**THE RECORDS:**
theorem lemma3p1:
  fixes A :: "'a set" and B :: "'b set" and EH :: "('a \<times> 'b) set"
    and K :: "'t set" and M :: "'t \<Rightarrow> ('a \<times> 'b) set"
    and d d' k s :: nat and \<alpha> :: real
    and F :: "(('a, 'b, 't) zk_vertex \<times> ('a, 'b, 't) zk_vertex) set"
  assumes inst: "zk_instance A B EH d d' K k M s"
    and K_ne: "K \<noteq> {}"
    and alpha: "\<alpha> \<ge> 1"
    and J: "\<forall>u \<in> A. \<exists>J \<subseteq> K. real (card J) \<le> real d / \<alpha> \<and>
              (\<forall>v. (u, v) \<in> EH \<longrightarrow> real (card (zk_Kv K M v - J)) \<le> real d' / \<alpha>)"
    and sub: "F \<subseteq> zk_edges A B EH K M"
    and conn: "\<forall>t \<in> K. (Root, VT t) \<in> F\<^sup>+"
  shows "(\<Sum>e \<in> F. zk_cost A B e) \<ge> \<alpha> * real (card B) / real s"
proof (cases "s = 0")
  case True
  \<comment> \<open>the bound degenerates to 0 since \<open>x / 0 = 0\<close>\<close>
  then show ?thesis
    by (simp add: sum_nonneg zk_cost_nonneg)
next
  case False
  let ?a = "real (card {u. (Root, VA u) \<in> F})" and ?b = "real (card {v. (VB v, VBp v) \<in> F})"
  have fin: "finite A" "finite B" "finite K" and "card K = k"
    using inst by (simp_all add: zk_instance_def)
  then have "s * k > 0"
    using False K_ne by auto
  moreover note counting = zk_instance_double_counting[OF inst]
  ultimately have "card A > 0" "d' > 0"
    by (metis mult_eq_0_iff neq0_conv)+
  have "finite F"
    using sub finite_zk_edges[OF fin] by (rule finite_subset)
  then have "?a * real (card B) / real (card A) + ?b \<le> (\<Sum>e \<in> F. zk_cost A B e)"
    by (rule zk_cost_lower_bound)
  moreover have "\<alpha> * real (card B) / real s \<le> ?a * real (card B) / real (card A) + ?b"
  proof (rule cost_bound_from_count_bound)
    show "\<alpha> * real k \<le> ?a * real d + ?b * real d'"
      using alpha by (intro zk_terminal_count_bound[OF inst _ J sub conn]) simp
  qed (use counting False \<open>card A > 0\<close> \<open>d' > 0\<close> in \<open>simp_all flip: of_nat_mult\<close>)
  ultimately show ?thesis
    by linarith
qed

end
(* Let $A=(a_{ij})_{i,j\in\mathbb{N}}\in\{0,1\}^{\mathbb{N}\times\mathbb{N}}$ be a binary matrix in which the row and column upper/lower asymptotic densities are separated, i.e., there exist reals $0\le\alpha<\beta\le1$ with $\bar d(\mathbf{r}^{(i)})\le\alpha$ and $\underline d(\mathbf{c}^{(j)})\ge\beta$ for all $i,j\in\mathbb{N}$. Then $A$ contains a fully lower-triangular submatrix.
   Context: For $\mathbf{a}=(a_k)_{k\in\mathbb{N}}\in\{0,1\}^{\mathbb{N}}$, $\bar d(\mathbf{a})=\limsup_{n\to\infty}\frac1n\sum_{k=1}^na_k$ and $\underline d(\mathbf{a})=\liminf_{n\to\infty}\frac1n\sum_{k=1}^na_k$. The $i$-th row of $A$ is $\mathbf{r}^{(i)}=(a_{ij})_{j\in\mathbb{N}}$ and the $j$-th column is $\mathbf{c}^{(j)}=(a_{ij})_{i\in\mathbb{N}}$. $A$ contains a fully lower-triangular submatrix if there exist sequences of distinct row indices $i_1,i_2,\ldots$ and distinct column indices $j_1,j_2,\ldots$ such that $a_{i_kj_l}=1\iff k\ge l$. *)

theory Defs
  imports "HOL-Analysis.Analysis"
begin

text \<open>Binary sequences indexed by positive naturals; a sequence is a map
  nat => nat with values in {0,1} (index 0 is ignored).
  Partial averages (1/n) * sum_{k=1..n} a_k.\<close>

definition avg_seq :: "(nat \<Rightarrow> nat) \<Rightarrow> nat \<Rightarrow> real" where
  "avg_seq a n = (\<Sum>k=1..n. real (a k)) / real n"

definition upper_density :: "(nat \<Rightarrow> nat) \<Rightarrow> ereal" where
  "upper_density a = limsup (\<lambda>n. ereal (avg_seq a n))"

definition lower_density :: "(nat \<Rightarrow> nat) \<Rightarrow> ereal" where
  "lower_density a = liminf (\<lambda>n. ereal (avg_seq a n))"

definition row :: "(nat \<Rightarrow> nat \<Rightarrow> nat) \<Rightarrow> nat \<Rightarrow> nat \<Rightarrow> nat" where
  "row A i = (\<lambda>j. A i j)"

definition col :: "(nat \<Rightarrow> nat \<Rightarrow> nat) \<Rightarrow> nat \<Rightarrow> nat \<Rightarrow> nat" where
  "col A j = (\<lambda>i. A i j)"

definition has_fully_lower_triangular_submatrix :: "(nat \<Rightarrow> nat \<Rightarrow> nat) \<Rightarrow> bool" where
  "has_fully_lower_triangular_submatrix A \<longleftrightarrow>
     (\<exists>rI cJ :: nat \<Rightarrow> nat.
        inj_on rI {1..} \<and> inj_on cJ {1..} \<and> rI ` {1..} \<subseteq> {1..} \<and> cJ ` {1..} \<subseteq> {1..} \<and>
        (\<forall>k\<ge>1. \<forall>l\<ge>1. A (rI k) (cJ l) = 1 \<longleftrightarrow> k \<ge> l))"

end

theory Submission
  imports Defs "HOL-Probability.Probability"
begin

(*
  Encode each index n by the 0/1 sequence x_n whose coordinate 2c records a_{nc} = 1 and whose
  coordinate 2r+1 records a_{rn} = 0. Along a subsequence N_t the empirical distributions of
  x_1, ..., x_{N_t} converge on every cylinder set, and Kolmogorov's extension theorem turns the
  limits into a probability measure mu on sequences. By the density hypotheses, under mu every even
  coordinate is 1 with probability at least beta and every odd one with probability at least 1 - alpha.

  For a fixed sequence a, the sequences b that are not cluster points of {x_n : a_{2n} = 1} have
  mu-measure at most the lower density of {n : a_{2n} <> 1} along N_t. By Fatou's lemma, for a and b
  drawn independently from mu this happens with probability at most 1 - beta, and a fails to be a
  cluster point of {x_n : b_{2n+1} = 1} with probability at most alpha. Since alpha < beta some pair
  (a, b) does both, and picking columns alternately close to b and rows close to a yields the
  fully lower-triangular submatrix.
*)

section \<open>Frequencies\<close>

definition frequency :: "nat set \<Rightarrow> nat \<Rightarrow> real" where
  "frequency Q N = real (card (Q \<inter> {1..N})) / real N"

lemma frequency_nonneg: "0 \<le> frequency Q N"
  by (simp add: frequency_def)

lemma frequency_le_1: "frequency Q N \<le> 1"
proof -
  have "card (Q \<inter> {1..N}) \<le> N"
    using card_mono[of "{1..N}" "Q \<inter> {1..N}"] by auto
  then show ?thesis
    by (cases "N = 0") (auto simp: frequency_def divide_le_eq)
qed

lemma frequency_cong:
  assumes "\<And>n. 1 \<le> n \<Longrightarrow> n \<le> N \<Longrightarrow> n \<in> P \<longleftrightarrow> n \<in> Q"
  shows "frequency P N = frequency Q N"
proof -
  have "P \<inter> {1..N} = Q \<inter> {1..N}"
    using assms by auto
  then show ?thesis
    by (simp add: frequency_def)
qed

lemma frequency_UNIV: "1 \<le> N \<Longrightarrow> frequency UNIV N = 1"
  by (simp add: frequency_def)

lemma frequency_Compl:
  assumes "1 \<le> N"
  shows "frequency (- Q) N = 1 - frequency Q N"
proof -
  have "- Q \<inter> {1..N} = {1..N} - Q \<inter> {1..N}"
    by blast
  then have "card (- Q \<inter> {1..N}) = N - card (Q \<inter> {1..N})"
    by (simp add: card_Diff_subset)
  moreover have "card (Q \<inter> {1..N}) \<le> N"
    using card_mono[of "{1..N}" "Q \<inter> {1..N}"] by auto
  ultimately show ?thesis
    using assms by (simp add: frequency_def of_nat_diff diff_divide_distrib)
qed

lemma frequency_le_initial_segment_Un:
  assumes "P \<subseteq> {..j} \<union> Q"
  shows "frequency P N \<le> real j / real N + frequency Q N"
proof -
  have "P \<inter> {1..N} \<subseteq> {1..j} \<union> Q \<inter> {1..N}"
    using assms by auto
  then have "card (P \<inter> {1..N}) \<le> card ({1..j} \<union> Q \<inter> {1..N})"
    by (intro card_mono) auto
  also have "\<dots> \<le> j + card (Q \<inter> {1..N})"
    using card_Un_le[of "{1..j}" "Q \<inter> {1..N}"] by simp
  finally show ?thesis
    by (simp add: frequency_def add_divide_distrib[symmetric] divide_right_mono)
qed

**WORK TO BE COMPLETED:** Locate the word "ereal" in the data above. Copy every line carrying it.

**RESULT:**
definition upper_density :: "(nat \<Rightarrow> nat) \<Rightarrow> ereal" where
  "upper_density a = limsup (\<lambda>n. ereal (avg_seq a n))"
definition lower_density :: "(nat \<Rightarrow> nat) \<Rightarrow> ereal" where
  "lower_density a = liminf (\<lambda>n. ereal (avg_seq a n))"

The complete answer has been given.